Die DDR war ein graues Land. Wenn man sich auffällig verhielt, konnte man große Schwierigkeiten bekommen. Schorlemmer ging das Risiko ein, indem er sich engagiert hat in Arbeitsgruppen innerhalb der Kirche zu Themen wie "Frieden", "Menschenrechte" und "Umweltschutz". Alle diese Gruppen wurden regelmäßig von der Staatssicherheit infiltriert.
"Ich wusste, wer der Spitzel in unserem Dorf ist"
Schorlemmer: "Die Staatssicherheit war Schild und Schwert der Partei, um Menschen zu beobachten, auch zu zersetzen und das berufliche und menschliche Umfeld kaputtzumachen.
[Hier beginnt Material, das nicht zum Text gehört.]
(* Let $\Lambda=(\Lambda_1,\dots,\Lambda_d)$ be a $d$-partition of $\{1,\dots,N\}$ and consider the associated lumped chain. Then $$\mathbb E^\circ\tau^0_0=\prod_{k=1}^d\sqrt{\frac{\pi}{2}|\Lambda_k|}\,\bigl(1+O(|\Lambda_k|^{-1})\bigr).$$
   Context: Let $(\sigma_N(t))_{t\in\mathbb N}$ be the discrete-time simple random walk on $\{-1,1\}^N$ (jump to each Hamming neighbour with probability $1/N$). For a partition $\Lambda$ of $\{1,\dots,N\}$ into nonempty classes $\Lambda_1,\dots,\Lambda_d$, let $\gamma(\sigma)=(\gamma_1(\sigma),\dots,\gamma_d(\sigma))$ with $\gamma_k(\sigma)=|\Lambda_k|^{-1}\sum_{i\in\Lambda_k}\sigma_i$, and $\Gamma_{N,d}=\gamma(\{-1,1\}^N)$. The lumped chain $X_N(t)=\gamma(\sigma_N(t))$ is a Markov chain on $\Gamma_{N,d}$ with transition probabilities $r_N(x,x+s\frac{2}{|\Lambda_k|}u_k)=\frac{|\Lambda_k|}{N}\frac{1-sx_k}{2}$ ($s\in\{-1,1\}$, $u_k$ the canonical basis of $\mathbb R^d$) and reversible invariant measure $\mathbb Q_N(x)=2^{-N}\prod_{k=1}^d\binom{|\Lambda_k|}{|\Lambda_k|(1+x_k)/2}$. $\mathbb P^\circ,\mathbb E^\circ$ refer to the lumped chain; $\tau^x_J=\inf\{t>0:X_N(t)\in J\}$ for the chain started at $x$. The symbol $0$ denotes a fixed point of $\Gamma_{N,d}$ at which $\mathbb Q_N$ attains its maximum (the origin of $\mathbb R^d$ when all $|\Lambda_k|$ are even). *)

theory Defs
  imports Complex_Main "HOL-Library.Extended_Nonnegative_Real"
begin

definition is_partition :: "nat \<Rightarrow> nat \<Rightarrow> (nat \<Rightarrow> nat set) \<Rightarrow> bool" where
  "is_partition N d Lam \<longleftrightarrow>
     (\<forall>k<d. Lam k \<noteq> {}) \<and>
     (\<forall>k<d. \<forall>l<d. k \<noteq> l \<longrightarrow> Lam k \<inter> Lam l = {}) \<and>
     (\<Union>k\<in>{..<d}. Lam k) = {1..N}"

text \<open>States of R^d are represented as functions nat => real vanishing at indices >= d.\<close>
definition gamma :: "nat \<Rightarrow> (nat \<Rightarrow> nat set) \<Rightarrow> (nat \<Rightarrow> real) \<Rightarrow> (nat \<Rightarrow> real)" where
  "gamma d Lam \<sigma> = (\<lambda>k. if k < d then (\<Sum>i\<in>Lam k. \<sigma> i) / real (card (Lam k)) else 0)"

definition Gamma :: "nat \<Rightarrow> nat \<Rightarrow> (nat \<Rightarrow> nat set) \<Rightarrow> (nat \<Rightarrow> real) set" where
  "Gamma N d Lam = gamma d Lam ` {\<sigma>. \<forall>i\<in>{1..N}. \<sigma> i = -1 \<or> \<sigma> i = 1}"

definition lumped_trans :: "nat \<Rightarrow> nat \<Rightarrow> (nat \<Rightarrow> nat set) \<Rightarrow> (nat \<Rightarrow> real) \<Rightarrow> (nat \<Rightarrow> real) \<Rightarrow> real" where
  "lumped_trans N d Lam x y =
     (\<Sum>k<d. \<Sum>s\<in>{-1, 1::real}.
        if y = x(k := x k + s * 2 / real (card (Lam k)))
        then real (card (Lam k)) / real N * (1 - s * x k) / 2 else 0)"

definition QN :: "nat \<Rightarrow> nat \<Rightarrow> (nat \<Rightarrow> nat set) \<Rightarrow> (nat \<Rightarrow> real) \<Rightarrow> real" where
  "QN N d Lam x = (1/2) ^ N *
     (\<Prod>k<d. real (card (Lam k) choose nat \<lfloor>real (card (Lam k)) * (1 + x k) / 2\<rfloor>))"

text \<open>Generic finite-state Markov chain with kernel P on state space S, started at x.
  taboo P S J x n y = probability that X(n) = y and X(t) \<notin> J for 1 \<le> t \<le> n.\<close>
fun taboo :: "('a \<Rightarrow> 'a \<Rightarrow> real) \<Rightarrow> 'a set \<Rightarrow> 'a set \<Rightarrow> 'a \<Rightarrow> nat \<Rightarrow> 'a \<Rightarrow> real" where
  "taboo P S J x 0 y = (if y = x then 1 else 0)"
| "taboo P S J x (Suc n) y = (if y \<in> J then 0 else (\<Sum>z\<in>S. taboo P S J x n z * P z y))"

text \<open>first_hit P S J x n = P(tau^x_J = n + 1), tau^x_J = inf{t > 0. X(t) \<in> J}.\<close>
definition first_hit :: "('a \<Rightarrow> 'a \<Rightarrow> real) \<Rightarrow> 'a set \<Rightarrow> 'a set \<Rightarrow> 'a \<Rightarrow> nat \<Rightarrow> real" where
  "first_hit P S J x n = (\<Sum>z\<in>S. taboo P S J x n z * (\<Sum>y\<in>J. P z y))"

text \<open>Expectation of tau^x_J (value infinity on the event tau = infinity).\<close>
definition expected_hit :: "('a \<Rightarrow> 'a \<Rightarrow> real) \<Rightarrow> 'a set \<Rightarrow> 'a set \<Rightarrow> 'a \<Rightarrow> ennreal" where
  "expected_hit P S J x =
     (\<Sum>n. ennreal (real (Suc n) * first_hit P S J x n))
     + \<infinity> * (1 - (\<Sum>n. ennreal (first_hit P S J x n)))"

end

(*
  By Kac's formula, the mean return time of an irreducible finite chain to a state z is 1 / Q z
  for any stationary law Q. The lumped chain satisfies detailed balance with respect to QN (this
  reduces to (n - j) * (n choose j) = (j + 1) * (n choose (j + 1))), and from every state some
  single flip moves the occupation numbers towards those of z, so the chain is irreducible. At a
  maximiser of QN every class is half full, hence the mean return time is the product over the
  classes of 2^n / (n choose (n div 2)) with n = |Lambda_k|. Finally, Wallis' product traps
  r_m = 4^m / (2m choose m) between pi m <= r_m^2 <= pi (m + 1/2), which gives
  2^n / (n choose (n div 2)) = sqrt (pi n / 2) * (1 + e) with 0 <= e <= 1/n.
*)
theory Submission
  imports Defs "HOL-Analysis.Gamma_Function" "HOL-Real_Asymp.Real_Asymp"
begin

hide_const (open) Gamma_Function.Gamma

section \<open>Central binomial coefficients\<close>

definition wallis_prod :: "nat \<Rightarrow> real" where
  "wallis_prod m = (\<Prod>k=1..m. 4 * real k ^ 2 / (4 * real k ^ 2 - 1))"

definition central_ratio :: "nat \<Rightarrow> real" where
  "central_ratio m = 4 ^ m / real (2 * m choose m)"

lemma wallis_factor_ge_1: "1 \<le> 4 * (real m + 1) ^ 2 / (4 * (real m + 1) ^ 2 - 1)"
proof -
  define x where "x = 4 * (real m + 1) ^ 2"
  have "4 \<le> x" unfolding x_def by simp
  then show ?thesis unfolding x_def[symmetric] by (simp add: le_divide_eq)
qed

lemma wallis_prod_Suc:
  "wallis_prod (Suc m) = wallis_prod m * (4 * (real m + 1) ^ 2 / (4 * (real m + 1) ^ 2 - 1))"
  unfolding wallis_prod_def by (simp add: prod.nat_ivl_Suc' add_ac)

lemma wallis_prod_Suc_mult:
  "wallis_prod (Suc m) * ((2 * real m + 1) * (2 * real m + 3)) = wallis_prod m * (2 * real m + 2) ^ 2"
proof -
  have "4 * (real m + 1) ^ 2 - 1 = (2 * real m + 1) * (2 * real m + 3)"
    and "4 * (real m + 1) ^ 2 = (2 * real m + 2) ^ 2"
    by (simp_all add: algebra_simps power2_eq_square)
  moreover have "(2 * real m + 1) * (2 * real m + 3) > 0" by simp
  ultimately show ?thesis unfolding wallis_prod_Suc by simp
qed

lemma wallis_prod_ge_1: "wallis_prod m \<ge> 1"
proof (induction m)
  case (Suc m)
  then show ?case
    unfolding wallis_prod_Suc using wallis_factor_ge_1[of m] by (metis mult_mono' mult_1 zero_le_one)
qed (simp add: wallis_prod_def)
(* Let $\mathcal{V}=\{V_1,\ldots,V_n\}$ and $\mathbb{I}\in\{\mathbb{Z},\mathbb{Q},\mathbb{R}\}$. For every $e\in\mathcal{C}$, every variable $V\in\mathcal{V}$ and every symbolic environment $S^{\mathcal{C}}\in\mathcal{D}^{\mathcal{C}}$, we have $\gamma^{\mathcal{C}}(S^{\mathcal{C}})\models e\preceq\mathit{subst}(e,V,S^{\mathcal{C}}(V))$.
   Context: Expressions are generated by variables $X\in\mathcal{V}$, interval constants $[a,b]$ ($a\in\mathbb{I}\cup\{-\infty\}$, $b\in\mathbb{I}\cup\{+\infty\}$, $a\leq b$), and $e_1\diamond e_2$ with $\diamond\in\{+,-,\times,/\}$. For an environment $\rho:\mathcal{V}\to\mathbb{I}$: $[\![X]\!](\rho)=\{\rho(X)\}$; $[\![[a,b]]\!](\rho)=\{x\in\mathbb{I}\mid a\leq x\leq b\}$; $[\![e_1\diamond e_2]\!](\rho)=\{x\diamond y\mid x\in[\![e_1]\!](\rho),y\in[\![e_2]\!](\rho)\}$ for $\diamond\in\{+,-,\times\}$; $[\![e_1/e_2]\!](\rho)=\{x/y\mid\ldots,y\neq0\}$ if $\mathbb{I}\neq\mathbb{Z}$ and $\{\mathit{truncate}(x/y)\mid\ldots,y\neq0\}$ (rounding towards zero) if $\mathbb{I}=\mathbb{Z}$. $\mathcal{C}$ is the set of all such expressions together with an extra element $\top^{\mathcal{C}}$, with $[\![\top^{\mathcal{C}}]\!](\rho)=\mathbb{I}$. $\mathit{occ}(e)$ is the set of variables occurring in $e$, with $\mathit{occ}(\top^{\mathcal{C}})=\emptyset$. $\mathit{subst}(e,V,f)$ replaces every occurrence of $V$ in $e$ by $f$ (with $\mathit{subst}(\top^{\mathcal{C}},V,f)=\top^{\mathcal{C}}$), and for $f=\top^{\mathcal{C}}$: $\mathit{subst}(e,V,\top^{\mathcal{C}})=e$ if $V\notin\mathit{occ}(e)$ and $=\top^{\mathcal{C}}$ if $V\in\mathit{occ}(e)$. $\mathcal{D}^{\mathcal{C}}$ is the set of maps $S^{\mathcal{C}}:\mathcal{V}\to\mathcal{C}$ with no cyclic dependencies, i.e. there are no pairwise distinct variables $W_1,\ldots,W_m$ with $W_i\in\mathit{occ}(S^{\mathcal{C}}(W_{i+1}))$ for all $i<m$ and $W_m\in\mathit{occ}(S^{\mathcal{C}}(W_1))$. Its concretization is $\gamma^{\mathcal{C}}(S^{\mathcal{C}})=\{\rho:\mathcal{V}\to\mathbb{I}\mid\forall k,\ \rho(V_k)\in[\![S^{\mathcal{C}}(V_k)]\!](\rho)\}$. For a set $R$ of environments, $R\models e_1\preceq e_2$ means $\forall\rho\in R,\ [\![e_1]\!](\rho)\subseteq[\![e_2]\!](\rho)$. *)

theory Defs
  imports Complex_Main
begin

datatype binop = Plus | Minus | Times | Divide

text \<open>Expressions over variables of type 'v and values of type 'a.
  Interval constants [a,b]: lower bound None means -infinity, upper bound None means +infinity.\<close>
datatype ('v, 'a) expr =
    Var 'v
  | Cst "'a option" "'a option"
  | Bin binop "('v, 'a) expr" "('v, 'a) expr"

datatype ('v, 'a) cexp = TopC | Ex "('v, 'a) expr"

fun wf_expr :: "('v, 'a::linorder) expr \<Rightarrow> bool" where
  "wf_expr (Var X) = True"
| "wf_expr (Cst lo hi) = (case (lo, hi) of (Some a, Some b) \<Rightarrow> a \<le> b | _ \<Rightarrow> True)"
| "wf_expr (Bin _ e1 e2) = (wf_expr e1 \<and> wf_expr e2)"

fun wf_cexp :: "('v, 'a::linorder) cexp \<Rightarrow> bool" where
  "wf_cexp TopC = True"
| "wf_cexp (Ex e) = wf_expr e"

text \<open>Truncating integer division (rounding towards zero).\<close>
definition tdiv :: "int \<Rightarrow> int \<Rightarrow> int" where
  "tdiv x y = sgn x * sgn y * (\<bar>x\<bar> div \<bar>y\<bar>)"

fun sem :: "('a \<Rightarrow> 'a \<Rightarrow> 'a) \<Rightarrow> ('v, 'a::linordered_idom) expr \<Rightarrow> ('v \<Rightarrow> 'a) \<Rightarrow> 'a set" where
  "sem d (Var X) \<rho> = {\<rho> X}"
| "sem d (Cst lo hi) \<rho> =
     {x. (case lo of None \<Rightarrow> True | Some a \<Rightarrow> a \<le> x) \<and> (case hi of None \<Rightarrow> True | Some b \<Rightarrow> x \<le> b)}"
| "sem d (Bin Plus e1 e2) \<rho> = {x + y | x y. x \<in> sem d e1 \<rho> \<and> y \<in> sem d e2 \<rho>}"
| "sem d (Bin Minus e1 e2) \<rho> = {x - y | x y. x \<in> sem d e1 \<rho> \<and> y \<in> sem d e2 \<rho>}"
| "sem d (Bin Times e1 e2) \<rho> = {x * y | x y. x \<in> sem d e1 \<rho> \<and> y \<in> sem d e2 \<rho>}"
| "sem d (Bin Divide e1 e2) \<rho> = {d x y | x y. x \<in> sem d e1 \<rho> \<and> y \<in> sem d e2 \<rho> \<and> y \<noteq> 0}"

fun semC :: "('a \<Rightarrow> 'a \<Rightarrow> 'a) \<Rightarrow> ('v, 'a::linordered_idom) cexp \<Rightarrow> ('v \<Rightarrow> 'a) \<Rightarrow> 'a set" where
  "semC d TopC \<rho> = UNIV"
| "semC d (Ex e) \<rho> = sem d e \<rho>"

fun occ :: "('v, 'a) expr \<Rightarrow> 'v set" where
  "occ (Var X) = {X}"
| "occ (Cst _ _) = {}"
| "occ (Bin _ e1 e2) = occ e1 \<union> occ e2"

fun occC :: "('v, 'a) cexp \<Rightarrow> 'v set" where
  "occC TopC = {}"
| "occC (Ex e) = occ e"

fun subst_expr :: "('v, 'a) expr \<Rightarrow> 'v \<Rightarrow> ('v, 'a) expr \<Rightarrow> ('v, 'a) expr" where
  "subst_expr (Var X) V f = (if X = V then f else Var X)"
| "subst_expr (Cst lo hi) V f = Cst lo hi"
| "subst_expr (Bin op e1 e2) V f = Bin op (subst_expr e1 V f) (subst_expr e2 V f)"

fun substC :: "('v, 'a) cexp \<Rightarrow> 'v \<Rightarrow> ('v, 'a) cexp \<Rightarrow> ('v, 'a) cexp" where
  "substC TopC V f = TopC"
| "substC (Ex e) V TopC = (if V \<in> occ e then TopC else Ex e)"
| "substC (Ex e) V (Ex f) = Ex (subst_expr e V f)"

definition noncyclic :: "('v \<Rightarrow> ('v, 'a) cexp) \<Rightarrow> bool" where
  "noncyclic S \<longleftrightarrow> \<not> (\<exists>ws. ws \<noteq> [] \<and> distinct ws
       \<and> (\<forall>i. Suc i < length ws \<longrightarrow> ws ! i \<in> occC (S (ws ! Suc i)))
       \<and> last ws \<in> occC (S (hd ws)))"

definition DC :: "('v \<Rightarrow> ('v, 'a::linorder) cexp) set" where
  "DC = {S. (\<forall>X. wf_cexp (S X)) \<and> noncyclic S}"

definition gammaC :: "('a \<Rightarrow> 'a \<Rightarrow> 'a) \<Rightarrow> ('v \<Rightarrow> ('v, 'a::linordered_idom) cexp) \<Rightarrow> ('v \<Rightarrow> 'a) set" where
  "gammaC d S = {\<rho>. \<forall>X. \<rho> X \<in> semC d (S X) \<rho>}"

definition models_le :: "('a \<Rightarrow> 'a \<Rightarrow> 'a) \<Rightarrow> ('v \<Rightarrow> 'a) set \<Rightarrow> ('v, 'a::linordered_idom) cexp \<Rightarrow> ('v, 'a) cexp \<Rightarrow> bool" where
  "models_le d R e1 e2 \<longleftrightarrow> (\<forall>\<rho>\<in>R. semC d e1 \<rho> \<subseteq> semC d e2 \<rho>)"

end

theory Submission
  imports Defs
begin

(* Every environment rho in gammaC S satisfies rho V \<in> [[S V]] rho, and the collecting
   semantics is monotone in each variable occurrence: replacing the singleton {rho V} by a
   superset can only enlarge the set of values. *)

lemma sem_mono_subst_expr:
  assumes "\<rho> V \<in> sem d f \<rho>"
  shows "sem d e \<rho> \<subseteq> sem d (subst_expr e V f) \<rho>"
proof (induction e)
  case (Var X)
  then show ?case using assms by auto
next
  case (Cst lo hi)
  then show ?case by simp
next
  case (Bin op e1 e2)
  then show ?case by (cases op) (simp; blast)+
qed

lemma semC_mono_substC:
  assumes "\<rho> V \<in> semC d f \<rho>"
  shows "semC d e \<rho> \<subseteq> semC d (substC e V f) \<rho>"
proof (cases e)
  case TopC
  then show ?thesis by simp
next
  case (Ex e')
  show ?thesis
  proof (cases f)
    case TopC
    then show ?thesis using Ex by simp
  next
    case (Ex f')
    then show ?thesis using \<open>e = Ex e'\<close> assms sem_mono_subst_expr by simp
  qed
qed

lemma models_le_substC:
  "models_le d (gammaC d S) e (substC e V (S V))"
  unfolding models_le_def gammaC_def
proof
  fix \<rho> assume "\<rho> \<in> {\<rho>. \<forall>X. \<rho> X \<in> semC d (S X) \<rho>}"
  then have "\<rho> V \<in> semC d (S V) \<rho>" by simp
  then show "semC d e \<rho> \<subseteq> semC d (substC e V (S V)) \<rho>" by (rule semC_mono_substC)
qed

theorem theorem5:
  fixes dummy :: "'v::finite"
  shows
   "(\<forall>(e::('v, int) cexp) (V::'v) S. wf_cexp e \<and> S \<in> DC \<longrightarrow>
        models_le tdiv (gammaC tdiv S) e (substC e V (S V)))
  \<and> (\<forall>(e::('v, rat) cexp) (V::'v) S. wf_cexp e \<and> S \<in> DC \<longrightarrow>
        models_le (/) (gammaC (/) S) e (substC e V (S V)))
  \<and> (\<forall>(e::('v, real) cexp) (V::'v) S. wf_cexp e \<and> S \<in> DC \<longrightarrow>
        models_le (/) (gammaC (/) S) e (substC e V (S V)))"
  by (simp add: models_le_substC)

end
lemma density_vanishes_outside_cball: "AE y in lborel. R < norm y \<longrightarrow> \<rho> y = 0"
proof -
  define g where "g y = min 1 (max 0 (norm y - R))" for y :: 'a
  have g: "continuous_on UNIV g" "\<And>y. \<bar>g y\<bar> \<le> 1"
    by (auto simp: g_def intro!: continuous_intros)
  then have "((\<lambda>t. w t * (\<Sum>i<n t. g (p t i))) \<longlongrightarrow> (LINT y|lborel. g y * \<rho> y)) F"
    by (intro weak) (auto simp: bounded_iff)
  moreover have "\<forall>\<^sub>F t in F. w t * (\<Sum>i<n t. g (p t i)) = 0"
    using points_in_cball by eventually_elim (simp add: g_def)
  then have "((\<lambda>t. w t * (\<Sum>i<n t. g (p t i))) \<longlongrightarrow> 0) F"
    by (rule tendsto_eventually)
  ultimately have "(LINT y|lborel. g y * \<rho> y) = 0"
    by (rule tendsto_unique[OF nontrivial])
  moreover have "integrable lborel (\<lambda>y. g y * \<rho> y)"
    using g(2) density(2)
    by (intro Bochner_Integration.integrable_bound[OF density(3) measurable_continuous_density[OF g(1)]])
      (auto simp: abs_mult intro!: mult_left_le_one_le)
  ultimately have "AE y in lborel. g y * \<rho> y = 0"
    using density(2) by (subst (asm) integral_nonneg_eq_0_iff_AE) (auto simp: g_def)
  then show ?thesis
    by eventually_elim (auto simp: g_def)
qed

lemma AE_eq_on_cball:
  assumes "\<And>y. norm y \<le> R \<Longrightarrow> g y = f y"
  shows "AE y in lborel. g y * \<rho> y = f y * \<rho> y"
  using density_vanishes_outside_cball
proof eventually_elim
  case (elim y)
  then show ?case
    using assms by (cases "norm y \<le> R") auto
qed
(* Let $L$ be a finite-dimensional pure, nonnilpotent, solvable Lie algebra over $\mathbb{C}$ of breadth $2$ such that $\dim[L,L]=2$ and $\dim L^k=1$ for all integers $k\geq 2$. Then for some positive integer $n$, $L$ has a basis $\{x_1,x_2,z_1,z_2,\ldots,z_n,z\}$ such that one of the following holds: (1) $n$ is even and the only nonzero brackets of basis elements (up to antisymmetry) are $[x_1,x_2]=x_1$ and $[z_i,z_{i+1}]=z$ for all $i=1,3,5,\ldots,n-1$; or (2) $n$ is odd and the only nonzero brackets of basis elements (up to antisymmetry) are $[x_1,x_2]=x_1$, $[x_2,z_1]=z$ and $[z_i,z_{i+1}]=z$ for all $i=2,4,6,\ldots,n-1$.
   Context: For $x\in L$, the breadth of $x$ is $b(x)=\mathrm{rank}(\mathrm{ad}_x)$, and $b(L)=\max\{b(x)\mid x\in L\}$. $L$ is pure if it has no abelian ideal as a direct summand; equivalently $Z(L)\subseteq[L,L]$, where $Z(L)$ is the center. The lower central series is indexed by $L^0=L$, $L^1=[L,L]$ and $L^k=[L,L^{k-1}]$ for $k\geq 2$. *)

theory Defs
  imports Complex_Main
begin

definition lie_algebra :: "(complex \<Rightarrow> 'a::ab_group_add \<Rightarrow> 'a) \<Rightarrow> ('a \<Rightarrow> 'a \<Rightarrow> 'a) \<Rightarrow> bool" where
  "lie_algebra sc br \<longleftrightarrow>
     vector_space sc \<and>
     (\<forall>x. Vector_Spaces.linear sc sc (br x)) \<and>
     (\<forall>y. Vector_Spaces.linear sc sc (\<lambda>x. br x y)) \<and>
     (\<forall>x. br x x = 0) \<and>
     (\<forall>x y z. br x (br y z) + br y (br z x) + br z (br x y) = 0)"

definition fin_dim :: "(complex \<Rightarrow> 'a::ab_group_add \<Rightarrow> 'a) \<Rightarrow> bool" where
  "fin_dim sc \<longleftrightarrow> (\<exists>B. finite B \<and> module.span sc B = UNIV)"

primrec lcs :: "(complex \<Rightarrow> 'a::ab_group_add \<Rightarrow> 'a) \<Rightarrow> ('a \<Rightarrow> 'a \<Rightarrow> 'a) \<Rightarrow> nat \<Rightarrow> 'a set" where
  "lcs sc br 0 = UNIV"
| "lcs sc br (Suc k) = module.span sc {br x y | x y. y \<in> lcs sc br k}"

primrec derived :: "(complex \<Rightarrow> 'a::ab_group_add \<Rightarrow> 'a) \<Rightarrow> ('a \<Rightarrow> 'a \<Rightarrow> 'a) \<Rightarrow> nat \<Rightarrow> 'a set" where
  "derived sc br 0 = UNIV"
| "derived sc br (Suc k) = module.span sc {br x y | x y. x \<in> derived sc br k \<and> y \<in> derived sc br k}"

definition nilpotent_lie :: "(complex \<Rightarrow> 'a::ab_group_add \<Rightarrow> 'a) \<Rightarrow> ('a \<Rightarrow> 'a \<Rightarrow> 'a) \<Rightarrow> bool" where
  "nilpotent_lie sc br \<longleftrightarrow> (\<exists>k. lcs sc br k = {0})"

definition solvable_lie :: "(complex \<Rightarrow> 'a::ab_group_add \<Rightarrow> 'a) \<Rightarrow> ('a \<Rightarrow> 'a \<Rightarrow> 'a) \<Rightarrow> bool" where
  "solvable_lie sc br \<longleftrightarrow> (\<exists>k. derived sc br k = {0})"

definition lie_ideal :: "(complex \<Rightarrow> 'a::ab_group_add \<Rightarrow> 'a) \<Rightarrow> ('a \<Rightarrow> 'a \<Rightarrow> 'a) \<Rightarrow> 'a set \<Rightarrow> bool" where
  "lie_ideal sc br I \<longleftrightarrow> module.subspace sc I \<and> (\<forall>x y. y \<in> I \<longrightarrow> br x y \<in> I)"

definition pure_lie :: "(complex \<Rightarrow> 'a::ab_group_add \<Rightarrow> 'a) \<Rightarrow> ('a \<Rightarrow> 'a \<Rightarrow> 'a) \<Rightarrow> bool" where
  "pure_lie sc br \<longleftrightarrow>
     \<not> (\<exists>I J. lie_ideal sc br I \<and> lie_ideal sc br J \<and> I \<noteq> {0} \<and>
             (\<forall>x\<in>I. \<forall>y\<in>I. br x y = 0) \<and>
             I \<inter> J = {0} \<and> {a + b | a b. a \<in> I \<and> b \<in> J} = UNIV)"

definition breadth_elem :: "(complex \<Rightarrow> 'a::ab_group_add \<Rightarrow> 'a) \<Rightarrow> ('a \<Rightarrow> 'a \<Rightarrow> 'a) \<Rightarrow> 'a \<Rightarrow> nat" where
  "breadth_elem sc br x = vector_space.dim sc (range (br x))"

definition breadth :: "(complex \<Rightarrow> 'a::ab_group_add \<Rightarrow> 'a) \<Rightarrow> ('a \<Rightarrow> 'a \<Rightarrow> 'a) \<Rightarrow> nat" where
  "breadth sc br = Max (range (breadth_elem sc br))"

end

theory Submission
  imports Defs
begin

(*
  The lower central series pins down the derived algebra D = [L,L]: L^2 = [L,D] is a line
  span {w}, and since L^3 is nonzero some a satisfies [a,w] = w.  Jacobi shows that D commutes
  with w, so D = span {z, w} with z central and [a,z] = 0, and purity puts the centre into D.
  On the slice V = {k. [k,w] = 0 and [a,k] in span {z}}, which together with a and w spans L,
  both [a,-] and the bracket take values in span {z}, and their common radical is span {z}.
  A Darboux-type induction splits off pairs [p,q] = z one at a time, correcting a by elements
  of V, until what is left is span {z} or span {z1, z} with [a',z1] = -z.  These two outcomes
  are the even and the odd normal form, with x1 = w and x2 = -a'.
*)

context vector_space
begin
Ich wusste, wer der Spitzel in unserem Dorf ist und wie gefährlich der war für die Bauern, die verjagt wurden. Aber es ist wie mit der Angst vor Hunden. Wenn man dem Hund zeigt, dass man Angst hat, beißt er. Man muss zuerst seine Angst besiegen, auch vor dem SSD, dem Staatssicherheitsdienst."
Ein wichtiges Symbol, das Schorlemmer geschaffen hat, entstand mit der Aktion "Schwerter zu Pflugscharen". Am 24. September 1983 ließ er von dem Schmied Stefan Lau ein Schwert zu einer Pflugschar umschmieden und nannte diese Aktion: "Frieden schaffen ohne Waffen". Frieden gibt es seiner Meinung nach nur dauerhaft als Frieden mit dem Gegner.
In seinem Buch berichtet Schorlemmer ausführlich über Anfeindungen, denen er ausgesetzt gewesen ist. Und das in einem Maße, dass man sich bei der Lektüre unwillkürlich fragt, wie er das alles aushalten konnte:
"Ich glaube, ich konnte auch üble Anfeindungen, übrigens auch nach 1989, bestehen, weil ich mich erinnert hatte, was ich alles schon bestanden hatte. Wenn man dankbar ist für das, was man schon geschafft hat, dann hat man auch Kraft für das, was noch zu schaffen ist. Das Zweite ist, ich hatte eigentlich immer Menschen, denen ich mich anvertrauen konnte und ich lese jeden Tag mindestens ein Gedicht."
Das Poetische in den biblischen Texten
Für seinen Glauben ist es Schorlemmer außerordentlich wichtig, auch das Poetische in den biblischen Texten aufzugreifen:
"Ich lernte begreifen, dass Theo-Logie der Theo-Poesie bedarf, wenn sie den Glauben in Bildern, in Geschichten, Gedichten, Gleichnissen, Gebeten in der Sprache und in den Lebenserfahrungen unserer Zeit zum Ausdruck bringen will."
"Theologie neigt auch dazu, Punkte herauszugreifen, Dogmen, dogmatisch zu werden. Und Theo-Poesie ist der Versuch des Menschen, über die Bildhaftigkeit dem Geheimnis des Lebens näher zu kommen."
Das Buch von Friedrich Schorlemmer "Klar sehen und doch hoffen" handelt von seinem politischen Leben, seinen Visionen, von Freiheit in einer unfreien Situation, vom Sinn des Lebens und seiner Beziehung zu Gott. Es gibt lesenswerte und spannende Geschichten über Begegnungen mit Künstlern, Politikern und Personen der Zeitgeschichte.
Zugleich macht Schorlemmer deutlich, dass die Mauern in unseren Köpfen noch nicht beseitigt sind und für Friedensinitiativen in der Welt noch viel getan muss.

Friedrich Schorlemmer: "Klar sehen und doch hoffen. Mein politisches Leben."